Insider Transaction Report
Form 4
Mastin Celeste Beeks
DirectorPresident and CEO
Transactions
- Exercise/Conversion
Common Stock
2026-01-26$60.07/sh+5,851$351,470→ 30,365 total - Tax Payment
Common Stock
[F1]2026-01-26$60.07/sh−2,303$138,341→ 28,062 total - Award
Employee Stock Option (Right-to-Buy)
[F2]2026-01-26$59.81/sh+202,009$12,082,158→ 202,009 totalExercise: $59.81From: 2027-01-26Exp: 2036-01-26→ Common Stock (202,009 underlying) - Exercise/Conversion
Restricted Stock Units
[F3][F4][F5]2026-01-26$60.07/sh−5,851$351,470→ 6,029.79 totalExercise: $0.00From: 2025-01-26Exp: 2027-01-26→ Common Stock (5,851 underlying) - Award
Restricted Stock Units
[F3][F4]2026-01-26+29,798→ 29,798 totalExercise: $0.00From: 2027-01-26Exp: 2029-01-26→ Common Stock (29,798 underlying)
Holdings
- 3,500(indirect: By Trust)
Common Stock
- 135,135
Employee Stock Option (Right-to-Buy)
[F2]Exercise: $64.28From: 2026-01-27Exp: 2035-01-27→ Common Stock (135,135 underlying) - 25,667
Employee Stock Option (Right-to-Buy)
[F6]Exercise: $67.55From: 2023-04-07Exp: 2032-04-07→ Common Stock (25,667 underlying) - 72,261
Employee Stock Option (Right-to-Buy)
[F6]Exercise: $68.17From: 2024-01-24Exp: 2033-01-24→ Common Stock (72,261 underlying) - 103,228
Employee Stock Option (Right-to-Buy)
[F2]Exercise: $77.72From: 2025-01-26Exp: 2034-01-26→ Common Stock (103,228 underlying) - 24,043.24
Restricted Stock Units
[F3][F4][F5]Exercise: $0.00From: 2026-01-27Exp: 2028-01-27→ Common Stock (24,043.24 underlying)
Footnotes (6)
- [F1]Shares withheld for taxes due on 5,851 shares issued.
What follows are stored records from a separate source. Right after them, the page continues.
text \<open>Debrunner-Flor: minimise the maximum of the functions f_i below.  At a minimiser the
  gradients of the active f_i have a convex combination equal to 0, and averaging the monotone pairs
  with these weights shows that the maximum is \<le> 0.\<close>

lemma monotone_finite_extension:
  fixes P :: "('a::euclidean_space \<times> 'a) set"
  assumes fin: "finite P"
    and mono: "\<And>i j. i \<in> P \<Longrightarrow> j \<in> P \<Longrightarrow> 0 \<le> inner (snd i - snd j) (fst i - fst j)"
  shows "\<exists>z. \<forall>i\<in>P. inner (z - (p - snd i)) (z - fst i) \<le> 0"
proof (cases "P = {}")
  case False
  define f where "f i z = inner (z - (p - snd i)) (z - fst i)" for i z
  have "continuous_on UNIV (\<lambda>z. Max ((\<lambda>i. f i z) ` P))"
    using fin False by (intro continuous_on_Max_image) (auto simp: f_def intro!: continuous_intros)
  moreover obtain i0 where "i0 \<in> P" using False by blast
  then have "(norm (z - ((p - snd i0) + fst i0) /\<^sub>R 2))\<^sup>2 - (norm (((p - snd i0) - fst i0) /\<^sub>R 2))\<^sup>2
      \<le> Max ((\<lambda>i. f i z) ` P)" for z
    using fin unfolding inner_diff_diff_eq_norm_midpoint[symmetric] f_def by simp
  ultimately obtain z0 where min: "\<And>w. Max ((\<lambda>i. f i z0) ` P) \<le> Max ((\<lambda>i. f i w) ` P)"
    using continuous_coercive_attains_min by blast
  define m where "m = Max ((\<lambda>i. f i z0) ` P)"
  define A where "A = {i\<in>P. f i z0 = m}"
  have fle: "f i z0 \<le> m" if "i \<in> P" for i using fin that by (simp add: m_def)
  define grad where "grad i = (2 *\<^sub>R z0 - p) + (snd i - fst i)" for i :: "'a \<times> 'a"
  have "0 \<in> convex hull (grad ` A)"
    unfolding A_def m_def
  proof (rule zero_in_active_hull_at_Max_minimizer[of P f z0 grad])
    show "finite P" "P \<noteq> {}" by (fact fin, fact False)
    show "Max ((\<lambda>i. f i z0) ` P) \<le> Max ((\<lambda>i. f i w) ` P)" for w by (rule min)
    show "f i (z0 - t *\<^sub>R a) = f i z0 - t * inner a (grad i) + t\<^sup>2 * inner a a" for i t a
      by (simp add: f_def grad_def inner_diff_left inner_diff_right inner_add_left
          inner_add_right inner_commute algebra_simps power2_eq_square)
  qed
  moreover have "grad ` (convex hull A) = convex hull (grad ` A)"
  proof -
    have "linear (\<lambda>i :: 'a \<times> 'a. snd i - fst i)"
      by (intro linearI) (auto simp: algebra_simps)
    then show ?thesis
      unfolding grad_def image_image[of "(+) (2 *\<^sub>R z0 - p)" "\<lambda>i. snd i - fst i", symmetric, simplified]
      by (simp add: convex_hull_translation convex_hull_linear_image)
  qed
  ultimately obtain q where "q \<in> convex hull A" "grad q = 0" by (metis imageE)
  moreover have finA: "finite A" using fin by (simp add: A_def)
  ultimately obtain u where u: "\<And>i. i \<in> A \<Longrightarrow> 0 \<le> u i" "sum u A = 1" "(\<Sum>i\<in>A. u i *\<^sub>R i) = q"
    by (auto simp: convex_hull_finite)
  have "grad q = 2 *\<^sub>R z0 - p + (\<Sum>i\<in>A. u i *\<^sub>R (snd i - fst i))"
    unfolding u(3)[symmetric] grad_def by (simp add: fst_sum snd_sum scaleR_diff_right sum_subtractf)
  then have "(\<Sum>i\<in>A. u i * f i z0) \<le> 0"
    unfolding f_def using \<open>grad q = 0\<close> mono
    by (intro weighted_extension_gap_nonpos[OF u(1,2)]) (auto simp: A_def)
  moreover have "(\<Sum>i\<in>A. u i * f i z0) = m"
    using u(2) by (simp add: A_def flip: sum_distrib_right)
  ultimately show ?thesis using fle unfolding f_def by (meson order_trans)
qed simp

lemma maximal_monotone_memI:
  assumes max: "maximal_monotone A"
    and mono_wrt: "\<And>y v. v \<in> A y \<Longrightarrow> 0 \<le> inner (u - v) (z - y)"
  shows "u \<in> A z"
proof -
  define B where "B w = (if w = z then insert u (A w) else A w)" for w
  have monoA: "monotone_op A" using max by (simp add: maximal_monotone_def)
  have "monotone_op B"
    unfolding monotone_op_def
  proof (intro allI impI)
    fix x y u' v assume "u' \<in> B x" "v \<in> B y"
    then consider "u' \<in> A x" "v \<in> A y" | "x = z" "u' = u" "v \<in> A y"
      | "u' \<in> A x" "y = z" "v = u" | "u' = v" "x = y"
      by (auto simp: B_def split: if_splits)
    then show "0 \<le> inner (u' - v) (x - y)"
    proof cases
      case 1 then show ?thesis using monoA by (auto simp: monotone_op_def)
    next
      case 2 then show ?thesis using mono_wrt by blast
    next
      case 3 then show ?thesis using mono_wrt[of u' x]
        by (metis inner_minus_left inner_minus_right minus_diff_eq)
    qed simp
  qed
  moreover have "graph_op A \<subseteq> graph_op B" by (auto simp: graph_op_def B_def)
  ultimately have "B = A" using max unfolding maximal_monotone_def by blast
  then show ?thesis by (metis B_def insertI1)
qed
(* A (left) skew brace is given by two groups on the same carrier:
  P, the additive group (written with the HOL-Algebra product, so a + b is
  a \<otimes>_P b and -a is inv_P a), and C, the circle group. *)

definition skew_brace :: "'a monoid \<Rightarrow> 'a monoid \<Rightarrow> bool" where
  "skew_brace P C \<longleftrightarrow> group P \<and> group C \<and> carrier P = carrier C \<and>
     (\<forall>a\<in>carrier C. \<forall>b\<in>carrier C. \<forall>c\<in>carrier C.
        a \<otimes>\<^bsub>C\<^esub> (b \<otimes>\<^bsub>P\<^esub> c)
        = ((a \<otimes>\<^bsub>C\<^esub> b) \<otimes>\<^bsub>P\<^esub> inv\<^bsub>P\<^esub> a) \<otimes>\<^bsub>P\<^esub> (a \<otimes>\<^bsub>C\<^esub> c))"

definition brace_lambda :: "'a monoid \<Rightarrow> 'a monoid \<Rightarrow> 'a \<Rightarrow> 'a \<Rightarrow> 'a" where
  "brace_lambda P C a b = inv\<^bsub>P\<^esub> a \<otimes>\<^bsub>P\<^esub> (a \<otimes>\<^bsub>C\<^esub> b)"

definition brace_star :: "'a monoid \<Rightarrow> 'a monoid \<Rightarrow> 'a \<Rightarrow> 'a \<Rightarrow> 'a" where
  "brace_star P C a b = (inv\<^bsub>P\<^esub> a \<otimes>\<^bsub>P\<^esub> (a \<otimes>\<^bsub>C\<^esub> b)) \<otimes>\<^bsub>P\<^esub> inv\<^bsub>P\<^esub> b"

definition brace_ideal :: "'a monoid \<Rightarrow> 'a monoid \<Rightarrow> 'a set \<Rightarrow> bool" where
  "brace_ideal P C I \<longleftrightarrow> I \<subseteq> carrier C \<and> normal I P \<and> normal I C \<and>
     (\<forall>a\<in>carrier C. brace_lambda P C a ` I \<subseteq> I)"

definition prime_ideal :: "'a monoid \<Rightarrow> 'a monoid \<Rightarrow> 'a set \<Rightarrow> bool" where
  "prime_ideal P C Q \<longleftrightarrow> brace_ideal P C Q \<and> Q \<noteq> carrier C \<and>
     (\<forall>X Y. X \<subseteq> carrier C \<longrightarrow> Y \<subseteq> carrier C \<longrightarrow>
        {brace_star P C x y | x y. x \<in> X \<and> y \<in> Y} \<subseteq> Q \<longrightarrow> X \<subseteq> Q \<or> Y \<subseteq> Q)"

definition Spec :: "'a monoid \<Rightarrow> 'a monoid \<Rightarrow> 'a set set" where
  "Spec P C = {Q. prime_ideal P C Q}"

definition Hset :: "'a monoid \<Rightarrow> 'a monoid \<Rightarrow> 'a set \<Rightarrow> 'a set set" where
  "Hset P C I = {Q \<in> Spec P C. I \<subseteq> Q}"

(* Intersections are taken inside A, so the empty intersection is A. *)
definition Rad :: "'a monoid \<Rightarrow> 'a monoid \<Rightarrow> 'a set \<Rightarrow> 'a set" where
  "Rad P C I = carrier C \<inter> \<Inter> (Hset P C I)"

definition Kset :: "'a monoid \<Rightarrow> 'a monoid \<Rightarrow> 'a set set \<Rightarrow> 'a set" where
  "Kset P C S = carrier C \<inter> \<Inter> S"

definition spectral_topology :: "'a monoid \<Rightarrow> 'a monoid \<Rightarrow> 'a set topology" where
  "spectral_topology P C = topology (\<lambda>U. U \<subseteq> Spec P C \<and>
     (\<exists>I. brace_ideal P C I \<and> Spec P C - U = Hset P C I))"

end

theory Submission
  imports Defs
begin

(* If x \<in> I and y \<in> J for ideals I, J, then x * y lies in I \<inter> J, so a
  prime containing I \<inter> J contains I or J; hence H(I) \<union> H(J) = H(I \<inter> J), and the sets H(I)
  are the closed sets of a topology. K and H form a Galois connection (S \<subseteq> H(I) iff
  I \<subseteq> K(S)) and K(S) is an ideal, so H(K(S)) is the least closed set containing S. *)

lemma (in group) normal_Inter:
  assumes "F \<noteq> {}" and "\<And>N. N \<in> F \<Longrightarrow> N \<lhd> G"
  shows "\<Inter>F \<lhd> G"
proof -
  have "subgroup (\<Inter>F) G"
    by (rule subgroups_Inter) (use assms normal_imp_subgroup in auto)
  moreover have "\<forall>x\<in>carrier G. \<forall>h\<in>\<Inter>F. x \<otimes> h \<otimes> inv x \<in> \<Inter>F"
    using assms(2) normal_inv_iff by blast
  ultimately show ?thesis
    using normal_inv_iff by blast
qed

definition brace_ideal_generated :: "'a monoid \<Rightarrow> 'a monoid \<Rightarrow> 'a set \<Rightarrow> 'a set" where
  "brace_ideal_generated P C X = \<Inter>{J. brace_ideal P C J \<and> X \<subseteq> J}"

lemma prime_ideal_imp_brace_ideal: "prime_ideal P C Q \<Longrightarrow> brace_ideal P C Q"
  unfolding prime_ideal_def by blast

lemma Hset_brace_ideal_generated:
  "Hset P C (brace_ideal_generated P C X) = {Q \<in> Spec P C. X \<subseteq> Q}"
  unfolding Hset_def Spec_def brace_ideal_generated_def
  using prime_ideal_imp_brace_ideal by blast

lemma subset_Hset_iff_subset_Kset:
  assumes "I \<subseteq> carrier C" and "S \<subseteq> Spec P C"
  shows "S \<subseteq> Hset P C I \<longleftrightarrow> I \<subseteq> Kset P C S"
  using assms unfolding Hset_def Kset_def by blast

locale group_pair = p: group P + c: group C for P C :: "'a monoid" +
  assumes carrier_eq: "carrier P = carrier C"

lemma skew_brace_imp_group_pair: "skew_brace P C \<Longrightarrow> group_pair P C"
  unfolding skew_brace_def group_pair_def group_pair_axioms_def by blast

context group_pair
begin

lemma brace_ideal_carrier: "brace_ideal P C (carrier C)"
proof -
  have "carrier P \<lhd> P"
    using p.normal_inv_iff p.subgroup_self by auto
  then have "carrier C \<lhd> P"
    by (simp only: carrier_eq)
  moreover have "carrier C \<lhd> C"
    using c.normal_inv_iff c.subgroup_self by auto
  moreover have "brace_lambda P C a ` carrier C \<subseteq> carrier C" if "a \<in> carrier C" for a
    using that carrier_eq unfolding brace_lambda_def by auto
  ultimately show ?thesis
    unfolding brace_ideal_def by blast
qed

lemma brace_ideal_Inter:
  assumes "F \<noteq> {}" and "\<And>I. I \<in> F \<Longrightarrow> brace_ideal P C I"
  shows "brace_ideal P C (\<Inter>F)"
proof -
  have "\<Inter>F \<lhd> P" and "\<Inter>F \<lhd> C"
    using p.normal_Inter c.normal_Inter assms unfolding brace_ideal_def by blast+
  then show ?thesis
    using assms unfolding brace_ideal_def by blast
qed

lemma brace_ideal_brace_ideal_generated:
  assumes "X \<subseteq> carrier C"
  shows "brace_ideal P C (brace_ideal_generated P C X)"
  unfolding brace_ideal_generated_def
  by (rule brace_ideal_Inter) (use assms brace_ideal_carrier in auto)

lemma brace_ideal_Kset:
  assumes "S \<subseteq> Spec P C"
  shows "brace_ideal P C (Kset P C S)"
proof -
  have "Kset P C S = \<Inter>(insert (carrier C) S)"
    unfolding Kset_def by auto
  also have "brace_ideal P C \<dots>"
    by (rule brace_ideal_Inter)
      (use assms brace_ideal_carrier prime_ideal_imp_brace_ideal in \<open>auto simp: Spec_def\<close>)
  finally show ?thesis .
qed

lemma brace_star_mem_right:
  assumes I: "brace_ideal P C I" and x: "x \<in> carrier C" and y: "y \<in> I"
  shows "brace_star P C x y \<in> I"
proof -
  have "subgroup I P" and "brace_lambda P C x y \<in> I"
    using I x y normal_imp_subgroup unfolding brace_ideal_def by blast+
  moreover have "brace_star P C x y = brace_lambda P C x y \<otimes>\<^bsub>P\<^esub> inv\<^bsub>P\<^esub> y"
    unfolding brace_star_def brace_lambda_def ..
  ultimately show ?thesis
    using y by (simp add: subgroup.m_closed subgroup.m_inv_closed)
qed

lemma brace_star_mem_left:
  assumes I: "brace_ideal P C I" and x: "x \<in> I" and y: "y \<in> carrier C"
  shows "brace_star P C x y \<in> I"
proof -
  have IP: "I \<lhd> P" and IC: "I \<lhd> C" and "I \<subseteq> carrier C"
    using I unfolding brace_ideal_def by blast+
  with x have xC: "x \<in> carrier C" by blast
  \<comment> \<open>Move x past y in (A,\<circ>), then turn y \<circ> x' into y + \<lambda>_y(x') and conjugate in (A,+).\<close>
  define x' where "x' = inv\<^bsub>C\<^esub> y \<otimes>\<^bsub>C\<^esub> x \<otimes>\<^bsub>C\<^esub> y"
  define l where "l = brace_lambda P C y x'"
  have x'I: "x' \<in> I"
    unfolding x'_def using IC c.normal_inv_iff x y by (metis c.inv_closed c.inv_inv)
  then have lI: "l \<in> I"
    unfolding l_def using I y unfolding brace_ideal_def by blast
  have x'C: "x' \<in> carrier C"
    using x'I \<open>I \<subseteq> carrier C\<close> by blast
  have xP: "x \<in> carrier P" and yP: "y \<in> carrier P" and "y \<otimes>\<^bsub>C\<^esub> x' \<in> carrier P"
    and lP: "l \<in> carrier P"
    using xC y x'C lI \<open>I \<subseteq> carrier C\<close> carrier_eq by auto
  have "x \<otimes>\<^bsub>C\<^esub> y = y \<otimes>\<^bsub>C\<^esub> x'"
    unfolding x'_def using xC y by (simp add: c.m_assoc[symmetric])
  also have "\<dots> = y \<otimes>\<^bsub>P\<^esub> l"
    unfolding l_def brace_lambda_def using yP \<open>y \<otimes>\<^bsub>C\<^esub> x' \<in> carrier P\<close>
    by (simp add: p.m_assoc[symmetric])
  finally have "brace_star P C x y = inv\<^bsub>P\<^esub> x \<otimes>\<^bsub>P\<^esub> (y \<otimes>\<^bsub>P\<^esub> l \<otimes>\<^bsub>P\<^esub> inv\<^bsub>P\<^esub> y)"
    unfolding brace_star_def using xP yP lP by (simp add: p.m_assoc)
  moreover have "y \<otimes>\<^bsub>P\<^esub> l \<otimes>\<^bsub>P\<^esub> inv\<^bsub>P\<^esub> y \<in> I"
    using IP p.normal_inv_iff yP lI by blast
  ultimately show ?thesis
    using x normal_imp_subgroup[OF IP] by (simp add: subgroup.m_closed subgroup.m_inv_closed)
qed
- [F2]This option vests in three annual installments (33%, 33%, and 34%) beginning on the date shown.
- [F3]These restricted stock units convert into shares of common stock on a 1-for-1 basis.
- [F4]These restricted stock units vest in three annual installments (33%, 33%, and 34%) beginning on the date shown.
- [F5]Amount includes restricted stock units acquired pursuant to a dividend equivalent reinvestment feature.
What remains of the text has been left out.